Does a fast paced NFL offense tire out the defense more than the offense?

NFL broadcasts of Philadelphia Eagles games are full of shots of the opposing team’s defense struggling to catch its breath. The announcers often discuss how Chip Kelly’s fluid, no-huddle offense wears out the other team’s defense due to its pace–even though the Eagle’s time of possession tends to be lower than that of offenses of otherwise similar quality.

2 Answers


  1. The offensive players probably practice this way all the time. While the defensive players may only practice this at some times or never.

  2. During a run play the offense has 9 guys blocking, one guy doing nothing (QB), and one guy running hard. On defense you have 11 defenders fighting through blocks trying to sprint to the ball. This is much harder work.

  3. During a pass play you have 5-6 guys standing next to each other blocking (easier than run blocking for lineman). You have 4-6 defensive players trying their hardest to get around these blockers. This may be the most strenuous and tiring activity there is on a football field. At the same time you have WRs running routes – at most 2 of these are deep routes. The defenders are expending more energy covering them because they don’t know where they are going. (Equivalent to basketball where playing D is more tiring than running an offense)

  4. These schemes run players off and on the field quickly. I ran one for several years at a high school. I almost felt bad because no matter how good the other players were the coaches weren’t prepared and gave their team no chance. Your defensive substitutions need to be spot on. [In the NFL there are rules regulating offensive substitutions, in that the offense must give the defense time to make a substitution without worrying about too many men on the field]

  5. With any offense, even the most sluggishly ran, the offense will wear down the defense faster than it wears down itself. Running at a faster pace just accelerates all of this.
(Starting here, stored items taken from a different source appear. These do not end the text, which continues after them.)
(* For every integer $n\ge 3$ and every $x>0$, $$\frac{n-2}{n-1}<\frac{\bigl(\psi_2^{(n)}(x)\bigr)^2}{\psi_2^{(n-1)}(x)\,\psi_2^{(n+1)}(x)}<\frac{n}{n+1}.$$ Both bounds are sharp: the lower constant $\frac{n-2}{n-1}$ cannot be replaced by any larger constant and the upper constant $\frac{n}{n+1}$ cannot be replaced by any smaller constant, uniformly in $x>0$.
   Context: For an integer $n\ge 2$ and $x>0$, the poly-double gamma function is defined by $$\psi_2^{(n)}(x)=(-1)^{n+1}\,n!\sum_{k=0}^{\infty}\frac{1+k}{(x+k)^{n+1}} .$$ *)

theory Defs
  imports "HOL-Analysis.Analysis"
begin

definition psi2 :: "nat \<Rightarrow> real \<Rightarrow> real" where
  "psi2 n x = (-1) ^ (n + 1) * fact n * (\<Sum>k. (1 + real k) / (x + real k) ^ (n + 1))"

end

theory Submission
  imports Defs "HOL-Probability.Distributions"
begin

text \<open>
  Write \<open>S\<^sub>p(x) = \<Sum>\<^sub>k (k + 1) / (x + k)\<^sup>p\<close>. Then \<open>\<psi>\<^sub>2\<^sup>(\<^sup>n\<^sup>)\<close> is \<open>\<plusminus>n! S\<^sub>n\<^sub>+\<^sub>1\<close>, and the ratio
  equals \<open>n/(n+1) \<cdot> S\<^sub>n\<^sub>+\<^sub>1\<^sup>2 / (S\<^sub>n S\<^sub>n\<^sub>+\<^sub>2)\<close>. The upper bound is the strict Cauchy-Schwarz
  inequality \<open>S\<^sub>n\<^sub>+\<^sub>1\<^sup>2 < S\<^sub>n S\<^sub>n\<^sub>+\<^sub>2\<close>.

  For the lower bound use the Laplace representation \<open>(p-1)! S\<^sub>p(x) = \<integral>\<^sub>0\<^sup>\<infinity> t\<^sup>p\<^sup>-\<^sup>1 w(t) dt\<close> with
  \<open>w(t) = e\<^sup>-\<^sup>x\<^sup>t / (1 - e\<^sup>-\<^sup>t)\<^sup>2\<close>. The function \<open>t\<^sup>2 w(t)\<close> is log-concave, i.e. \<open>\<phi> = -(log (t\<^sup>2 w))'\<close>
  is increasing, and integration by parts gives \<open>\<integral> t\<^sup>j\<^sup>+\<^sup>1 w \<phi> = (j - 1) \<integral> t\<^sup>j w\<close>. Integrating
  \<open>(t - \<tau>) (\<phi>(t) - \<phi>(\<tau>)) t\<^sup>j w(t) > 0\<close> with \<open>\<tau>\<close> the ratio of consecutive moments (Chebyshev's
  trick) yields \<open>(n-2)(n+1) S\<^sub>n S\<^sub>n\<^sub>+\<^sub>2 < n(n-1) S\<^sub>n\<^sub>+\<^sub>1\<^sup>2\<close>.

  Both bounds are attained in the limit: as \<open>x \<rightarrow> 0\<close> the term \<open>k = 0\<close> dominates, so
  \<open>x\<^sup>p S\<^sub>p(x) \<rightarrow> 1\<close> and the ratio tends to \<open>n/(n+1)\<close>; as \<open>x \<rightarrow> \<infinity>\<close> the estimate
  \<open>1 \<le> t\<^sup>2/(1 - e\<^sup>-\<^sup>t)\<^sup>2 \<le> (1 + t)\<^sup>2\<close> gives \<open>x\<^sup>p\<^sup>-\<^sup>2 S\<^sub>p(x) \<rightarrow> 1/((p-1)(p-2))\<close> and the ratio tends
  to \<open>(n-2)/(n-1)\<close>.
\<close>

section \<open>Exponential inequalities and power series\<close>

lemma two_mult_less_exp_minus_exp_neg:
  fixes u :: real
  assumes u: "0 < u"
  shows "2 * u < exp u - exp (- u)"
proof -
  let ?f = "\<lambda>v::real. exp v - exp (- v) - 2 * v"
  have "?f 0 < ?f u"
  proof (rule DERIV_pos_imp_increasing_open[OF u])
    fix v :: real assume v: "0 < v" "v < u"
    then have "exp v \<noteq> 1" by simp
    then have "0 < (exp v - 1)\<^sup>2 / exp v" by simp
    also have "(exp v - 1)\<^sup>2 / exp v = exp v + exp (- v) - 2"
      by (simp add: power2_eq_square field_simps exp_minus)
    finally show "\<exists>y. DERIV ?f v :> y \<and> 0 < y"
      by (intro exI[of _ "exp v + exp (- v) - 2"]) (auto intro!: derivative_eq_intros)
  qed (intro continuous_intros)
  then show ?thesis by simp
qed

lemma sq_mult_exp_less_sq_exp_minus_1:
  fixes t :: real
  assumes t: "0 < t"
  shows "t\<^sup>2 * exp t < (exp t - 1)\<^sup>2"
proof -
  have "exp t - 1 = exp (t / 2) * (exp (t / 2) - exp (- (t / 2)))"
    by (simp add: algebra_simps flip: exp_add)
  moreover have "t\<^sup>2 * exp t = (exp (t / 2) * t)\<^sup>2"
    by (simp add: power_mult_distrib power2_eq_square flip: exp_add)
  moreover have "exp (t / 2) * t < exp (t / 2) * (exp (t / 2) - exp (- (t / 2)))"
    using two_mult_less_exp_minus_exp_neg[of "t / 2"] t by simp
  ultimately show ?thesis
    using t by (simp add: power_strict_mono)
qed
  6. The defensive coaches are so worried about the frantic pace that they don’t do their basic jobs. They are worried about their players being tired and substitutions and they aren’t seeing how the other team is scheming them. This is really the genius of the up tempo. That people are so quick to blame the quick tempo on the success of the offense that they don’t look at the schemes being used to execute.
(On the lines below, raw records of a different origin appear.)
(* Let $E$ be a finite set and $V \subset \mathbb R^E$ a linear subspace with oriented matroid $M$. Let $\sim$ be the equivalence relation on triples $(F,G,T)$ ($T$ a tope of $M$, $F\subset G$ flats relatively acyclic in $T$) given by $(F,G,T)\sim(F',G',T')$ iff $(F,G)=(F',G')$ and $\pi_{G\setminus F}(T)=\pi_{G\setminus F}(T')$. Then the equivalence classes of $\sim$ are in bijection with the cells $Y_{FGT}^\circ$, where $F\subset G$ range over flats of $M$ and $T$ over topes of $(M/F)|_G$. If $[S,I,J]$ is the equivalence class (of the triple $(I,J,S)$) corresponding to $Y_{FGT}^\circ$, then $Y_{FGT}^\circ = {}_S\mathcal Y_{IJ}^\circ$. Explicitly, $Y_{FGT}^\circ = {}_S\mathcal Y_{IJ}^\circ$ if and only if $(F,G) = (I,J)$ and $\pi_{G\setminus F}(S) = \pi_{G\setminus F}(T)$.
   Context: $\mathbb P^1_{\mathbb R}=\mathbb R\cup\{\infty\}$. The sign map $s:\mathbb R^E\to\{-,0,+\}^E$ records signs of coordinates; the covectors of $M$ are $\{s(v):v\in V\}$; for a signed set $X$, $X^-,X^0,X^+$ are coordinates with value $-,0,+$; $X\le Y$ means $X^+\subset Y^+$, $X^-\subset Y^-$; topes are maximal covectors; flats are the sets $X^0$. A flat is relatively acyclic in a tope $T$ if it equals $X^0$ for a covector $X\le T$. $\pi_A$ denotes restriction to coordinates in $A$. For a flat $F$, $M/F$ is the oriented matroid on $E$ whose covectors are the covectors $X$ of $M$ with $F\subset X^0$; for a flat $G\supset F$, $(M/F)|_G$ has covectors $\pi_G(X)$ for $X$ covectors of $M/F$; its topes are signed sets on $G$ with zero set $F$. $Y_V$ is the Zariski closure of $V$ in $(\mathbb P^1_{\mathbb R})^E$, and for such $F\subset G$, $T$: $Y_{FGT}^\circ := Y_V\cap(0^F\times\mathbb R_{>0}^{T^+}\times\mathbb R_{<0}^{T^-}\times\infty^{E\setminus G})$. ${}_S\mathcal Y_V$ is the analytic closure of $s^{-1}(S)\cap V$ in $(\mathbb P^1_{\mathbb R})^E$, and ${}_S\mathcal Y_{IJ}^\circ := {}_S\mathcal Y_V \cap (0^I\times\mathbb R_{>0}^{(J\setminus I)\cap S^+}\times\mathbb R_{<0}^{(J\setminus I)\cap S^-}\times\infty^{E\setminus J})$. *)

theory Defs
  imports "HOL-Analysis.Analysis"
begin

datatype p1 = Fin real | Infty

instantiation p1 :: topological_space
begin

definition open_p1 :: "p1 set \<Rightarrow> bool" where
  "open_p1 S \<longleftrightarrow> open (Fin -` S) \<and>
     (Infty \<in> S \<longrightarrow> (\<exists>R. \<forall>x::real. R < \<bar>x\<bar> \<longrightarrow> Fin x \<in> S))"

instance
proof
  show "open (UNIV :: p1 set)" by (simp add: open_p1_def)
next
  fix S T :: "p1 set"
  assume S: "open S" and T: "open T"
  show "open (S \<inter> T)"
    unfolding open_p1_def
  proof
    show "open (Fin -` (S \<inter> T))"
      using S T by (simp add: open_p1_def vimage_Int open_Int)
    show "Infty \<in> S \<inter> T \<longrightarrow> (\<exists>R. \<forall>x. R < \<bar>x\<bar> \<longrightarrow> Fin x \<in> S \<inter> T)"
    proof
      assume "Infty \<in> S \<inter> T"
      then obtain R1 R2 where "\<forall>x. R1 < \<bar>x\<bar> \<longrightarrow> Fin x \<in> S" "\<forall>x. R2 < \<bar>x\<bar> \<longrightarrow> Fin x \<in> T"
        using S T by (auto simp: open_p1_def)
      then show "\<exists>R. \<forall>x. R < \<bar>x\<bar> \<longrightarrow> Fin x \<in> S \<inter> T"
        by (intro exI[of _ "max R1 R2"]) auto
    qed
  qed
next
  fix K :: "p1 set set"
  assume K: "\<forall>S\<in>K. open S"
  show "open (\<Union>K)"
    unfolding open_p1_def
  proof
    have "Fin -` \<Union>K = (\<Union>S\<in>K. Fin -` S)" by auto
    then show "open (Fin -` \<Union>K)" using K by (auto simp: open_p1_def)
    show "Infty \<in> \<Union>K \<longrightarrow> (\<exists>R. \<forall>x. R < \<bar>x\<bar> \<longrightarrow> Fin x \<in> \<Union>K)"
    proof
      assume "Infty \<in> \<Union>K"
      then obtain S where S: "S \<in> K" "Infty \<in> S" by blast
      then obtain R where "\<forall>x. R < \<bar>x\<bar> \<longrightarrow> Fin x \<in> S"
        using K unfolding open_p1_def by blast
      then show "\<exists>R. \<forall>x. R < \<bar>x\<bar> \<longrightarrow> Fin x \<in> \<Union>K"
        using S by blast
    qed
  qed
qed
  7. There are however teams just not with enough coaching/football IQ that don’t get it. You run up to the line on a quick snap and the other team LBs are still looking at coaches for signals. This does happen in the NFL too. I have seen the Patriots line up for sneaks 7-8 seconds after the previous play and the d-line isn’t even set. Guess what they have done it 50 times. Why aren’t your players ready? I blame this 90% on the coaches.